Assigned task
Given the entries that follow, write out exactly the lines starting at the one containing "unfolding q_eq using D_pos assms by (simp add: field_simps)" and ending at the one containing "(let qs = p", both ends included, and only those.

[Start of section]

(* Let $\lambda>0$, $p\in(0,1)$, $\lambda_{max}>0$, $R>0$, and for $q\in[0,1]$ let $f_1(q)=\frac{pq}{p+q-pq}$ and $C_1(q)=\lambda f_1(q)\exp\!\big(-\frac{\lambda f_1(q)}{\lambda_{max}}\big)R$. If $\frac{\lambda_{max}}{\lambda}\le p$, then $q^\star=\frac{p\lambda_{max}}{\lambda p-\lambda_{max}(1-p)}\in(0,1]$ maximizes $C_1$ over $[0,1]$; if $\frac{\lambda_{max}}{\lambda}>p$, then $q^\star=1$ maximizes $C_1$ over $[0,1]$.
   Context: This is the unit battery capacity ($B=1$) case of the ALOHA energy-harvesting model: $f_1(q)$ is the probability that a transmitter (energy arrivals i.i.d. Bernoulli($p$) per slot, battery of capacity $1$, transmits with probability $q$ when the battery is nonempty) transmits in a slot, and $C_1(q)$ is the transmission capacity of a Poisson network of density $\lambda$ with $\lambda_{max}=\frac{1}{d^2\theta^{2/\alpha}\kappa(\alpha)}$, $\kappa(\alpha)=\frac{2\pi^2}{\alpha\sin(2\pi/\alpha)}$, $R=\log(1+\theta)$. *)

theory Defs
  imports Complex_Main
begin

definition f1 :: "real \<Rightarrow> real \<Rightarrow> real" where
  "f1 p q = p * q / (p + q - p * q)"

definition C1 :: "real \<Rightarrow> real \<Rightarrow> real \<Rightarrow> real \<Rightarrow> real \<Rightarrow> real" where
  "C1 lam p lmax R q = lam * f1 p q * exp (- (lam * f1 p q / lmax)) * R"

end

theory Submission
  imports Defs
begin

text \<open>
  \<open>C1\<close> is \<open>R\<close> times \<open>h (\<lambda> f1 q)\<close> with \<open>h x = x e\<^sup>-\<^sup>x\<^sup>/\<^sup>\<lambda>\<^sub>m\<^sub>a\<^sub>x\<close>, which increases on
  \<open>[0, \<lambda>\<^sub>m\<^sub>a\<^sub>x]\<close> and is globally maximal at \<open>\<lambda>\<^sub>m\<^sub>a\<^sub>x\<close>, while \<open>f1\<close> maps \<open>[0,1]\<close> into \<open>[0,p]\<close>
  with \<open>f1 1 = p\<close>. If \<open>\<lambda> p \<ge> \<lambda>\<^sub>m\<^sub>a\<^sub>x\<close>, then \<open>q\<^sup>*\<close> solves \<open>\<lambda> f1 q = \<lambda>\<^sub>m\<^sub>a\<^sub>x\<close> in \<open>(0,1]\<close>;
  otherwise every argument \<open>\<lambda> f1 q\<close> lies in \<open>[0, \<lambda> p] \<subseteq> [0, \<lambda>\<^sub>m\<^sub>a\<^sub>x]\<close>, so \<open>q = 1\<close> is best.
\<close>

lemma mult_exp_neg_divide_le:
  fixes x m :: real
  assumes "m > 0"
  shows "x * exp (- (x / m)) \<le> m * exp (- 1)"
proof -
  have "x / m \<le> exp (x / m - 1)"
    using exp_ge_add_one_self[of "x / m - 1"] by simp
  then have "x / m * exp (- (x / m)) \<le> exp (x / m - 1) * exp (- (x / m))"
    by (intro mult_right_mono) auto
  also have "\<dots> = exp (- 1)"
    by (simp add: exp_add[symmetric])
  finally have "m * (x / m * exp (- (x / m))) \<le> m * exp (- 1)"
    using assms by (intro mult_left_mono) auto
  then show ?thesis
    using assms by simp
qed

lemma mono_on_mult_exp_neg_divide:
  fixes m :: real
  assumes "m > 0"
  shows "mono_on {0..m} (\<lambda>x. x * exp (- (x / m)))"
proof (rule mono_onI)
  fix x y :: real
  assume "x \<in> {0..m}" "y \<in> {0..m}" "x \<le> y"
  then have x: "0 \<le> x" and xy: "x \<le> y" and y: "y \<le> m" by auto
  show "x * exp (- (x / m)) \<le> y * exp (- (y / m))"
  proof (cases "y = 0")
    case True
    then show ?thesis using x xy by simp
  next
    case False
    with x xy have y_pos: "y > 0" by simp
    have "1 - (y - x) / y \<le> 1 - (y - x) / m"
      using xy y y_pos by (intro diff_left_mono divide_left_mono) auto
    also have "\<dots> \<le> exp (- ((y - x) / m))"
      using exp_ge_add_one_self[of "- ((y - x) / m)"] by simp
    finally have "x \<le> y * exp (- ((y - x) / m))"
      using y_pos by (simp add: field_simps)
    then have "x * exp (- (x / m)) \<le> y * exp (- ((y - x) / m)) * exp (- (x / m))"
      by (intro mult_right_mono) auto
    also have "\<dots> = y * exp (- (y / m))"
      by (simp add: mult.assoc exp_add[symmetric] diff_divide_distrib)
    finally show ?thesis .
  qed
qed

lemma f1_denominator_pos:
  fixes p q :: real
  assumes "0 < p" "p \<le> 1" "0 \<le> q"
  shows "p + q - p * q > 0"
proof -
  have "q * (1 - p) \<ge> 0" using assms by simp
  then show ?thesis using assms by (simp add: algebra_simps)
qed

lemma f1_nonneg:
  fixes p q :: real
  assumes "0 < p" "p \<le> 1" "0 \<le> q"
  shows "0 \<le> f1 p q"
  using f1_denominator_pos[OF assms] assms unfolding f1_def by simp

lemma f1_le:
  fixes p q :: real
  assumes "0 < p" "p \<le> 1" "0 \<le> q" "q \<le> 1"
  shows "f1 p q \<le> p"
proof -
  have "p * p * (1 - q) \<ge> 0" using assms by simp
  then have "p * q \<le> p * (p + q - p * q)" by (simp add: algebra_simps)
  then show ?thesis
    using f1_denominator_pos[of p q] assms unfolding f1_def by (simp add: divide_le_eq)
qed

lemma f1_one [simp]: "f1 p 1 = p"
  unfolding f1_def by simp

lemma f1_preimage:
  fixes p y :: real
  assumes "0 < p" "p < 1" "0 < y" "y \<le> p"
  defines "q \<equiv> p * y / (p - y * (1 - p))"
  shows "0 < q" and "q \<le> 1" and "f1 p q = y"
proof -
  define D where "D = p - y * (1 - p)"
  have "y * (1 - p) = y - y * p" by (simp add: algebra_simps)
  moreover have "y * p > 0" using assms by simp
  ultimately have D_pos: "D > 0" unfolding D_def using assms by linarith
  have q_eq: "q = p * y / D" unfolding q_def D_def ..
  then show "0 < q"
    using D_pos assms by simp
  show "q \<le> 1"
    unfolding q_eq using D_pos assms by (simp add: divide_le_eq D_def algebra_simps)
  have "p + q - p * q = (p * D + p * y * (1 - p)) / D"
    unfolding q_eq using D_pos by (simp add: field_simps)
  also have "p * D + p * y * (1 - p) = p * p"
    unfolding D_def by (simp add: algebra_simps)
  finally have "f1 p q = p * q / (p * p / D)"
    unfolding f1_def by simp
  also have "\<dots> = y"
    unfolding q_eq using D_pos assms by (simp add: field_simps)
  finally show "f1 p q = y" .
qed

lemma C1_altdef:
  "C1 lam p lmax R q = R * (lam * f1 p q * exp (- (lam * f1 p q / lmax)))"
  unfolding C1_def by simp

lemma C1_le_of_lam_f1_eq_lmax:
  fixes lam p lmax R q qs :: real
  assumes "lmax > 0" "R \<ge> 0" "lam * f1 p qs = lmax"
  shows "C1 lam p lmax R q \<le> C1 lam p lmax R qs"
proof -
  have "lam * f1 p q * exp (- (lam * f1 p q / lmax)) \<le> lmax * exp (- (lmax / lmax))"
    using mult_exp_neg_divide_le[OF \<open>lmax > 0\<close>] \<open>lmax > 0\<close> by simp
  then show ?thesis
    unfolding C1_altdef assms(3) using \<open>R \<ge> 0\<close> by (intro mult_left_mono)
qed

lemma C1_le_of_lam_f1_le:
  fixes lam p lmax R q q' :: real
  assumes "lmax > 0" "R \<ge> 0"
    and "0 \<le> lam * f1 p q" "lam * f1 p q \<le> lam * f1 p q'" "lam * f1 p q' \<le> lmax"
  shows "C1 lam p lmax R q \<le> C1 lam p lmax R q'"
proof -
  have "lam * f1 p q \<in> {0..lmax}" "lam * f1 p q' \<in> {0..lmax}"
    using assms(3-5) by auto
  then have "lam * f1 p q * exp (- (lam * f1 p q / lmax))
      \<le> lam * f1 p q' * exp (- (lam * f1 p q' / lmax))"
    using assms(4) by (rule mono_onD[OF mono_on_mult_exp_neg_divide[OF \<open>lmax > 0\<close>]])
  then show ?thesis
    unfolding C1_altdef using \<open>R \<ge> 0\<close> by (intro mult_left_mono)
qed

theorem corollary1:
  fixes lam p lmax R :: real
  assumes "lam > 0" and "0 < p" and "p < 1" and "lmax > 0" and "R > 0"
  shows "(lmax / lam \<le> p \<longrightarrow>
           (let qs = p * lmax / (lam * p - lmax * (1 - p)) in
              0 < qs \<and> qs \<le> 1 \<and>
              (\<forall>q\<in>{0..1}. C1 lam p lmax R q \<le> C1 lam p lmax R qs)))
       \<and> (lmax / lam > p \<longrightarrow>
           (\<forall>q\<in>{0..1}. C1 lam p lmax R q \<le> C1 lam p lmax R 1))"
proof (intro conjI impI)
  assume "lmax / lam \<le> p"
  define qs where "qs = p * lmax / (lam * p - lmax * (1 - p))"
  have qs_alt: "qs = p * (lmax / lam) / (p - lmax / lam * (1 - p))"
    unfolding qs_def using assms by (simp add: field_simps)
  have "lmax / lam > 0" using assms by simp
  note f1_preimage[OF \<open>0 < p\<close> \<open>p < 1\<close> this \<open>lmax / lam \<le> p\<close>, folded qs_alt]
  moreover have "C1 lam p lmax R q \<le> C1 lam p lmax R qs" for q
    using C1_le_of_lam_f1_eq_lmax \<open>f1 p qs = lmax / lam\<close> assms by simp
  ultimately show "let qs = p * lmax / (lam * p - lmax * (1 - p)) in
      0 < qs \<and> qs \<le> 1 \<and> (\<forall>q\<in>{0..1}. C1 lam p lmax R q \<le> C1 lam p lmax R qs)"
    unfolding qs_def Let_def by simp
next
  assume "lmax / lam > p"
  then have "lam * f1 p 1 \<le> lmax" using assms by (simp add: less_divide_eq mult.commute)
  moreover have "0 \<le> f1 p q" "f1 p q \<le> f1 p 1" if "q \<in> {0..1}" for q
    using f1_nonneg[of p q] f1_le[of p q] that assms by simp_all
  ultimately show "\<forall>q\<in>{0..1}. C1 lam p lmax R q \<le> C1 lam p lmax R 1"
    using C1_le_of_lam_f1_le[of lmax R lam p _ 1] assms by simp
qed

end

[End of section]

Exercise solution
    unfolding q_eq using D_pos assms by (simp add: field_simps)
  finally show "f1 p q = y" .
qed

lemma C1_altdef:
  "C1 lam p lmax R q = R * (lam * f1 p q * exp (- (lam * f1 p q / lmax)))"
  unfolding C1_def by simp

lemma C1_le_of_lam_f1_eq_lmax:
  fixes lam p lmax R q qs :: real
  assumes "lmax > 0" "R \<ge> 0" "lam * f1 p qs = lmax"
  shows "C1 lam p lmax R q \<le> C1 lam p lmax R qs"
proof -
  have "lam * f1 p q * exp (- (lam * f1 p q / lmax)) \<le> lmax * exp (- (lmax / lmax))"
    using mult_exp_neg_divide_le[OF \<open>lmax > 0\<close>] \<open>lmax > 0\<close> by simp
  then show ?thesis
    unfolding C1_altdef assms(3) using \<open>R \<ge> 0\<close> by (intro mult_left_mono)
qed

lemma C1_le_of_lam_f1_le:
  fixes lam p lmax R q q' :: real
  assumes "lmax > 0" "R \<ge> 0"
    and "0 \<le> lam * f1 p q" "lam * f1 p q \<le> lam * f1 p q'" "lam * f1 p q' \<le> lmax"
  shows "C1 lam p lmax R q \<le> C1 lam p lmax R q'"
proof -
  have "lam * f1 p q \<in> {0..lmax}" "lam * f1 p q' \<in> {0..lmax}"
    using assms(3-5) by auto
  then have "lam * f1 p q * exp (- (lam * f1 p q / lmax))
      \<le> lam * f1 p q' * exp (- (lam * f1 p q' / lmax))"
    using assms(4) by (rule mono_onD[OF mono_on_mult_exp_neg_divide[OF \<open>lmax > 0\<close>]])
  then show ?thesis
    unfolding C1_altdef using \<open>R \<ge> 0\<close> by (intro mult_left_mono)
qed

theorem corollary1:
  fixes lam p lmax R :: real
  assumes "lam > 0" and "0 < p" and "p < 1" and "lmax > 0" and "R > 0"
  shows "(lmax / lam \<le> p \<longrightarrow>
           (let qs = p * lmax / (lam * p - lmax * (1 - p)) in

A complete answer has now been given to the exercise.